Friday 14 December 2018

Housing Minister hits out at TD's remarks claiming he is 'elitist'

Housing Minister Eoghan Murphy. Photo: Keith Arkins
Housing Minister Eoghan Murphy. Photo: Keith Arkins
Housing Minister Eoghan Murphy. Photo: Gareth Chaney, Collins
Cormac McQuinn

Cormac McQuinn

MINISTER Eoghan Murphy has hit out at remarks by Fianna Fáil TD Darragh O’Brien who claimed that he and the Taosieach were failing to solve the housing crisis due to their "elitist" and "cosseted" backgrounds.

Mr Murphy said it is a "useless" contribution to the housing debate and claimed that Fianna Fáil are "trying to undermine the Confidence and Supply agreement" with Fine Gael.

Mr O’Brien’s remarks about Mr Murphy and Leo Varadkar were reported in the Sunday Independent and sparked anger in Fine Gael.

Fianna Fáil’s new housing spokesman said: "They don’t feel there is a problem and maybe it’s because of their own backgrounds that they don’t get it."

Mr Murphy responded to the comments saying: "I couldn’t think of a more useless contribution to the national debate on housing and homelessness.

"This is a very serious issue. I have the responsibility to fix this crisis, to fix this shortage.

"The government has a responsibility to fix this and we are fixing this.

"Fianna Fáil’s only responsibility and only experience in housing was to break our housing sector, break our construction industry and to break our economy," he claimed.

And he added: "And now because they’ve got nowhere else to go they’re making personal attacks. So I’m going to continue to be focused on solutions."

Mr Murphy was asked if Mr O’Brien’s remarks would make it more difficult to establish a good working relationship in the sensitive months approaching the Budget.

He said: "I think what’s happening here is very obvious. Fianna Fáil are trying to undermine the Confidence and Supply agreement.

"We’ve had a number of their frontbench people coming out and saying they don’t want to extend the confidence and supply agreement, about not even being sure if we can make it to the Budget.

"The country wants stability… if I’m to do my job I need the time and the resources which have been made available to me to put them into continued work to continue to drive the solution we have which is have shown results in 2017."

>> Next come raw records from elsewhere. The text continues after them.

(* Let $0\le d\le N$ be integers. If $d=0$ or $d=N$ then $\dim\Lambda_{N,d}=0$; otherwise $\dim\Lambda_{N,d}=(d-1)(N-d-1)$.
   Context: For integers $0\le d\le N$, $\Lambda_{N,d}\subseteq\mathbb{R}^{d\times(N+1)}$ denotes the set of real matrices $\lambda=(\lambda_{i,n})$, with rows indexed by $1\le i\le d$ and columns indexed by $0\le n\le N$, satisfying: $\lambda_{i,0}=0$ for $1\le i\le d$; $\lambda_{i,N}=N$ for $1\le i\le d$; $\sum_{i=1}^d\lambda_{i,n}=dn$ for $0\le n\le N$; $\lambda_{i,n}\le\lambda_{i,n+1}$ for $1\le i\le d$, $0\le n<N$; $\lambda_{i,n}\le\lambda_{i-1,n-1}$ for $1<i\le d$, $0<n\le N$. (For $d=0$ this is the single empty $0\times(N+1)$ matrix.) The dimension of a polytope is the dimension of its affine hull. *)

theory Defs
  imports "HOL-Analysis.Analysis" "HOL-Library.Function_Algebras"
begin

text \<open>Real d x (N+1) matrices are encoded as functions on index pairs (i,n)
  (row i, column n), required to vanish outside the index range
  1 \<le> i \<le> d, 0 \<le> n \<le> N, so that the space is canonically R^(d(N+1)).\<close>

type_synonym mat = "nat \<times> nat \<Rightarrow> real"

definition mscale :: "real \<Rightarrow> mat \<Rightarrow> mat" where
  "mscale c f = (\<lambda>p. c * f p)"
section \<open>Integrals of even kernels homogeneous of degree -1\<close>

lemma pred_mem_greaterThanLessThan [measurable (raw)]:
  fixes f g h :: "'a \<Rightarrow> real"
  assumes [measurable]: "f \<in> borel_measurable M" "g \<in> borel_measurable M" "h \<in> borel_measurable M"
  shows "Measurable.pred M (\<lambda>x. f x \<in> {g x<..<h x})"
  by simp

lemma pred_mem_greaterThan [measurable (raw)]:
  fixes f g :: "'a \<Rightarrow> real"
  assumes [measurable]: "f \<in> borel_measurable M" "g \<in> borel_measurable M"
  shows "Measurable.pred M (\<lambda>x. f x \<in> {g x<..})"
  by simp

text \<open>For the three pairs \<open>(p, q)\<close> used below, \<open>(r, y) \<mapsto> r *\<^sub>R p + y *\<^sub>R q\<close> has determinant
  \<open>\<plusminus>1\<close> and \<open>tri_gauge (r *\<^sub>R p + y *\<^sub>R q) = r\<close> for \<open>0 < y < r\<close>, so \<open>cone_integral W f p q\<close> is the
  integral of \<open>W (tri_gauge u) * f u\<close> over the cone \<open>{r *\<^sub>R p + y *\<^sub>R q | 0 < y < r}\<close>.\<close>

definition cone_integral ::
    "(real \<Rightarrow> ennreal) \<Rightarrow> (real \<times> real \<Rightarrow> ennreal) \<Rightarrow> real \<times> real \<Rightarrow> real \<times> real \<Rightarrow> ennreal" where
  "cone_integral W f p q = (\<integral>\<^sup>+r. \<integral>\<^sup>+y. indicator {0<..} r * indicator {0<..<r} y * W r
      * f (r *\<^sub>R p + y *\<^sub>R q) \<partial>lborel \<partial>lborel)"

lemma cone_integral_homogeneous:
  fixes f :: "real \<times> real \<Rightarrow> ennreal" and W :: "real \<Rightarrow> ennreal" and p q :: "real \<times> real"
  assumes [measurable]: "f \<in> borel_measurable borel" "W \<in> borel_measurable borel"
    and hom: "\<And>c u. 0 < c \<Longrightarrow> ennreal c * f (c *\<^sub>R u) = f u"
  shows "cone_integral W f p q
       = (\<integral>\<^sup>+r. indicator {0<..} r * W r \<partial>lborel) * (\<integral>\<^sup>+s. indicator {0<..<1} s * f (p + s *\<^sub>R q) \<partial>lborel)"
proof -
  let ?K = "\<integral>\<^sup>+s. indicator {0<..<1} s * f (p + s *\<^sub>R q) \<partial>lborel"
  have inner: "(\<integral>\<^sup>+y. indicator {0<..<r} y * f (r *\<^sub>R p + y *\<^sub>R q) \<partial>lborel) = ?K" if "0 < r" for r
  proof -
    have scale: "ennreal r * (indicator {0<..<r} (r * s) * f (r *\<^sub>R p + (r * s) *\<^sub>R q))
        = indicator {0<..<1} s * f (p + s *\<^sub>R q)" for s
    proof -
      have "r *\<^sub>R p + (r * s) *\<^sub>R q = r *\<^sub>R (p + s *\<^sub>R q)"
        by (simp add: algebra_simps)
      moreover have "indicator {0<..<r} (r * s) = (indicator {0<..<1} s :: ennreal)"
        using \<open>0 < r\<close> by (simp add: indicator_def zero_less_mult_iff mult_less_cancel_left1)
      ultimately show ?thesis
        using hom[OF \<open>0 < r\<close>, of "p + s *\<^sub>R q"] by (metis mult.left_commute)
    qed
    have "(\<integral>\<^sup>+y. indicator {0<..<r} y * f (r *\<^sub>R p + y *\<^sub>R q) \<partial>lborel)
        = ennreal r * (\<integral>\<^sup>+s. indicator {0<..<r} (r * s) * f (r *\<^sub>R p + (r * s) *\<^sub>R q) \<partial>lborel)"
      using nn_integral_real_affine[of "\<lambda>y. indicator {0<..<r} y * f (r *\<^sub>R p + y *\<^sub>R q)" r 0] \<open>0 < r\<close>
      by simp
    also have "\<dots> = ?K"
      by (subst nn_integral_cmult[symmetric]) (simp_all add: scale)
    finally show ?thesis .
  qed
  have "(\<integral>\<^sup>+y. indicator {0<..} r * indicator {0<..<r} y * W r * f (r *\<^sub>R p + y *\<^sub>R q) \<partial>lborel)
      = indicator {0<..} r * W r * ?K" for r
  proof (cases "0 < r")
    case True
    have "(\<integral>\<^sup>+y. indicator {0<..} r * indicator {0<..<r} y * W r * f (r *\<^sub>R p + y *\<^sub>R q) \<partial>lborel)
        = indicator {0<..} r * W r * (\<integral>\<^sup>+y. indicator {0<..<r} y * f (r *\<^sub>R p + y *\<^sub>R q) \<partial>lborel)"
      by (subst nn_integral_cmult[symmetric]) (auto simp: ac_simps)
    also have "\<dots> = indicator {0<..} r * W r * ?K"
      using inner[OF True] by simp
    finally show ?thesis .
  qed simp
  then show ?thesis
    unfolding cone_integral_def by (simp add: nn_integral_multc)
qed

lemma nn_integral_even_pair:
  fixes g :: "real \<times> real \<Rightarrow> ennreal"
  assumes [measurable]: "g \<in> borel_measurable borel" and even: "\<And>u. g (- u) = g u"
  shows "(\<integral>\<^sup>+u. g u \<partial>lborel) = 2 * (\<integral>\<^sup>+a. indicator {0<..} a * (\<integral>\<^sup>+b. g (a, b) \<partial>lborel) \<partial>lborel)"
proof -
  define G where "G a = (\<integral>\<^sup>+b. g (a, b) \<partial>lborel)" for a
  have [measurable]: "G \<in> borel_measurable borel"
    unfolding G_def by measurable
  have G_even: "G (- a) = G a" for a
    using nn_integral_real_affine[of "\<lambda>b. g (- a, b)" "-1" 0] even[of "(a, _)"]
    by (simp add: G_def)
  have "(\<integral>\<^sup>+u. g u \<partial>lborel) = (\<integral>\<^sup>+a. G a \<partial>lborel)"
    using lborel.nn_integral_fst[of g lborel] by (simp add: G_def lborel_prod)
  also have "\<dots> = (\<integral>\<^sup>+a. indicator {0<..} a * G a + indicator {..<0} a * G a \<partial>lborel)"
    by (intro nn_integral_cong_AE eventually_mono[OF AE_lborel_singleton[of 0]])
      (auto simp: indicator_def)
  also have "\<dots> = (\<integral>\<^sup>+a. indicator {0<..} a * G a \<partial>lborel) + (\<integral>\<^sup>+a. indicator {..<0} a * G a \<partial>lborel)"
    by (rule nn_integral_add) auto
  also have "(\<integral>\<^sup>+a. indicator {..<0} a * G a \<partial>lborel) = (\<integral>\<^sup>+a. indicator {0<..} a * G a \<partial>lborel)"
    using nn_integral_real_affine[of "\<lambda>a. indicator {..<0} a * G a" "-1" 0]
    by (simp add: G_even indicator_def)
  finally show ?thesis
    by (simp add: G_def mult_2)
qed

lemma nn_integral_right_half_plane_tri_gauge:
  fixes f :: "real \<times> real \<Rightarrow> ennreal" and W :: "real \<Rightarrow> ennreal"
  assumes [measurable]: "f \<in> borel_measurable borel" "W \<in> borel_measurable borel"
  shows "(\<integral>\<^sup>+a. indicator {0<..} a * (\<integral>\<^sup>+b. W (tri_gauge (a, b)) * f (a, b) \<partial>lborel) \<partial>lborel)
       = cone_integral W f (1, 0) (0, 1) + cone_integral W f (0, 1) (1, 0) + cone_integral W f (0, -1) (1, 1)"
proof -
  \<comment> \<open>up to null sets, the half plane \<open>a > 0\<close> is the union of three cones on which
    \<open>tri_gauge (a, b)\<close> is \<open>a\<close>, \<open>b\<close> and \<open>a - b\<close> respectively\<close>
  define g1 where "g1 a b = indicator {0<..} a * indicator {0<..<a} b * W a * f (a, b)" for a b
  define g2 where "g2 a b = indicator {0<..} a * indicator {a<..} b * W b * f (a, b)" for a b
  define g3 where "g3 a b = indicator {0<..} a * indicator {..<0} b * W (a - b) * f (a, b)" for a b
  have [measurable]: "case_prod g1 \<in> borel_measurable (lborel \<Otimes>\<^sub>M lborel)"
    "case_prod g2 \<in> borel_measurable (lborel \<Otimes>\<^sub>M lborel)"
    "case_prod g3 \<in> borel_measurable (lborel \<Otimes>\<^sub>M lborel)"
    unfolding g1_def g2_def g3_def by measurable
  have "indicator {0<..} a * (\<integral>\<^sup>+b. W (tri_gauge (a, b)) * f (a, b) \<partial>lborel)
      = (\<integral>\<^sup>+b. g1 a b \<partial>lborel) + (\<integral>\<^sup>+b. g2 a b \<partial>lborel) + (\<integral>\<^sup>+b. g3 a b \<partial>lborel)" for a
  proof -
    have "AE b in lborel. b \<noteq> 0 \<and> b \<noteq> a"
      using AE_lborel_singleton[of 0] AE_lborel_singleton[of a] by eventually_elim simp
    then have "indicator {0<..} a * (\<integral>\<^sup>+b. W (tri_gauge (a, b)) * f (a, b) \<partial>lborel)
        = (\<integral>\<^sup>+b. g1 a b + g2 a b + g3 a b \<partial>lborel)"
      by (subst nn_integral_cmult[symmetric], simp)
        (elim nn_integral_cong_AE[OF eventually_mono],
          auto simp: g1_def g2_def g3_def indicator_def tri_gauge_def max_def)
    then show ?thesis
      by (simp add: nn_integral_add)
  qed
  then have "(\<integral>\<^sup>+a. indicator {0<..} a * (\<integral>\<^sup>+b. W (tri_gauge (a, b)) * f (a, b) \<partial>lborel) \<partial>lborel)
      = (\<integral>\<^sup>+a. \<integral>\<^sup>+b. g1 a b \<partial>lborel \<partial>lborel) + (\<integral>\<^sup>+a. \<integral>\<^sup>+b. g2 a b \<partial>lborel \<partial>lborel)
        + (\<integral>\<^sup>+a. \<integral>\<^sup>+b. g3 a b \<partial>lborel \<partial>lborel)"
    by (simp add: nn_integral_add)
  also have "(\<integral>\<^sup>+a. \<integral>\<^sup>+b. g1 a b \<partial>lborel \<partial>lborel) = cone_integral W f (1, 0) (0, 1)"
    by (simp add: g1_def cone_integral_def)
  also have "(\<integral>\<^sup>+a. \<integral>\<^sup>+b. g2 a b \<partial>lborel \<partial>lborel) = cone_integral W f (0, 1) (1, 0)"
    unfolding cone_integral_def by (subst lborel_pair.Fubini', simp)
      (auto intro!: nn_integral_cong simp: g2_def indicator_def)
  also have "(\<integral>\<^sup>+a. \<integral>\<^sup>+b. g3 a b \<partial>lborel \<partial>lborel)
      = (\<integral>\<^sup>+a. \<integral>\<^sup>+r. indicator {0<..} a * indicator {..<0} (a - r) * W r * f (a, a - r) \<partial>lborel \<partial>lborel)"
    using nn_integral_real_affine[of "g3 a" "-1" a for a] by (simp add: g3_def)
  also have "\<dots> = cone_integral W f (0, -1) (1, 1)"
    unfolding cone_integral_def by (subst lborel_pair.Fubini', simp)
      (auto intro!: nn_integral_cong simp: indicator_def)
  finally show ?thesis .
qed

Mr O'Brien has previously accused Fine Gael of "over-reaction" to his remarks and denied they were a personal attack on Mr Murphy and Mr Varadkar.

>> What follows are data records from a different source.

lemma num_syt_Suc:
  "num_syt k n l m = (\<Sum>r<k. if cyl (remove_box l r) \<and> cyl_subseteq m (remove_box l r)
      then num_syt k n (remove_box l r) m else 0)"
proof -
  define G where "G = {r \<in> {..<k}. cyl (remove_box l r) \<and> cyl_subseteq m (remove_box l r)}"
  define A where "A r = {R. standard_tableau k n l m R \<and> R (corner l r) = Suc N}" for r
  have "{R. standard_tableau k n l m R} = (\<Union>r\<in>G. A r)"
    by (auto simp: G_def A_def elim: max_entry_at_corner)
  moreover have "A r \<inter> A s = {}" if "r \<in> G" "s \<in> G" "r \<noteq> s" for r s
  proof -
    have neq: "R (corner l r) \<noteq> R (corner l s)" if "standard_tableau k n l m R" for R
      using that standard_tableau_Suc_iff corner_inj[OF l, of r s] \<open>r \<in> G\<close> \<open>s \<in> G\<close> \<open>r \<noteq> s\<close>
        skew_boxes_remove_corner(1)
      by (auto simp: G_def bij_betw_def dest: inj_onD)
    show ?thesis
    proof (rule equals0I)
      fix R assume "R \<in> A r \<inter> A s"
      then show False
        using neq[of R] by (simp add: A_def)
    qed
  qed
  moreover have "finite (A r)" for r
    using finite_standard_tableaux[OF finite_skew_boxes[OF l m]] by (simp add: A_def)
  ultimately have "num_syt k n l m = (\<Sum>r\<in>G. card (A r))"
    unfolding num_syt_def by (simp add: card_UN_disjoint G_def)
  also have "\<dots> = (\<Sum>r\<in>G. num_syt k n (remove_box l r) m)"
    by (intro sum.cong) (auto simp: A_def G_def card_standard_tableaux_max_at_corner)
  also have "\<dots> = (\<Sum>r<k. if cyl (remove_box l r) \<and> cyl_subseteq m (remove_box l r)
      then num_syt k n (remove_box l r) m else 0)"
    unfolding G_def by (rule sum.inter_filter) simp
  finally show ?thesis .
qed

end

subsection \<open>Counting tableaux with the up and down operators\<close>

definition subpartitions :: "(int \<Rightarrow> int) \<Rightarrow> nat \<Rightarrow> (int \<Rightarrow> int) set" where
  "subpartitions l b = {m. cyl m \<and> cyl_subseteq m l \<and> card (skew_boxes k n l m) = b}"

definition superpartitions :: "(int \<Rightarrow> int) \<Rightarrow> nat \<Rightarrow> (int \<Rightarrow> int) set" where
  "superpartitions m a = {l. cyl l \<and> cyl_subseteq m l \<and> card (skew_boxes k n l m) = a}"
lemma ekeland_truncated:
  fixes f :: "'a::complete_space \<Rightarrow> ereal"
  assumes lsc: "lsc_fun f" and fx: "f x = ereal a" and "r < a" and "c > 0"
  obtains z where "c * dist z x \<le> a - r"
    and "ereal r < f z \<Longrightarrow> f z \<le> f x"
    and "\<And>w. ereal r < f z \<Longrightarrow> ereal r < f w \<Longrightarrow> f z \<le> f w + ereal (c * dist w z)"
proof -
  define h where "h w = ereal_clamp r a (f w)" for w
  have h: "ereal (h w) = max (ereal r) (min (f w) (ereal a))" for w
    using ereal_ereal_clamp \<open>r < a\<close> by (simp add: h_def)
  have h_ge: "r \<le> h w" for w
    using ereal_clamp_ge \<open>r < a\<close> by (simp add: h_def)
  have lsc_h: "\<forall>\<^sub>F w in nhds z. t < h w" if "t < h z" for z t
    using eventually_less_ereal_clamp[OF lsc _ that[unfolded h_def]] \<open>r < a\<close> by (simp add: h_def)
  have "bdd_below (range h)"
    using h_ge by (auto intro: bdd_belowI[of _ r])
  then obtain z where z_x: "h z + c * dist z x \<le> h x" and z_min: "\<And>w. h z \<le> h w + c * dist w z"
    using ekeland_variational_principle[OF lsc_h _ \<open>c > 0\<close>] by blast
  have h_x: "h x = a"
    using h[of x] fx \<open>r < a\<close> by simp
  show thesis
  proof (rule that)
    show "c * dist z x \<le> a - r"
      using z_x h_x h_ge[of z] by linarith
  next
    assume "ereal r < f z"
    have "f z \<le> ereal a"
    proof (rule ccontr)
      assume "\<not> f z \<le> ereal a"
      then have "h z = a"
        using h[of z] \<open>r < a\<close> by simp
      then have "z = x"
        using z_x h_x \<open>c > 0\<close> by (simp add: mult_le_0_iff)
      with \<open>\<not> f z \<le> ereal a\<close> fx show False
        by simp
    qed
    then have f_z: "f z = ereal (h z)"
      using h[of z] \<open>ereal r < f z\<close> by simp
    moreover have "0 \<le> c * dist z x"
      using \<open>c > 0\<close> by simp
    ultimately show "f z \<le> f x"
      using z_x h_x fx by simp
    fix w
    assume "ereal r < f w"
    then have "ereal (h w) \<le> f w"
      using h[of w] by simp
    have "f z \<le> ereal (h w) + ereal (c * dist w z)"
      using z_min[of w] f_z by simp
    also have "\<dots> \<le> f w + ereal (c * dist w z)"
      using \<open>ereal (h w) \<le> f w\<close> by (rule add_right_mono)
    finally show "f z \<le> f w + ereal (c * dist w z)" .
  qed
qed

Meanwhile, Sinn Féin is holding off placing a motion of no confidence in Mr Murphy before the Dáil because they do not want the Government to collapse in advance of the abortion referendum.

Party leader Mary Lou McDonald said they do not believe Mr Murphy is capable of solving the housing and homelessness crisis.

"The clock is ticking from him," she told reporters at Leinster House today.

However, Ms McDonald said they will not seek to have him dislodged from the ministry at this time.

"We don’t want to see the Government collapse in advance of May 25," she said.

That is the date of the referendum on repealing the Eighth Amendment which Sinn Féin is supporting.

The party leader said it would "not be in the national interest" to risk an election that would derail the referendum campaign.

However, she said they will revisit Mr Murphy’s suitability for office afterwards.

By placing a motion of no confidence, Sinn Féin would force Fianna Fáil to either back the minister or effectively sack him.

If they chose the latter it would be a breach of the confidence and supply deal with Fine Gael and the country would almost certainly be bounced into a general election.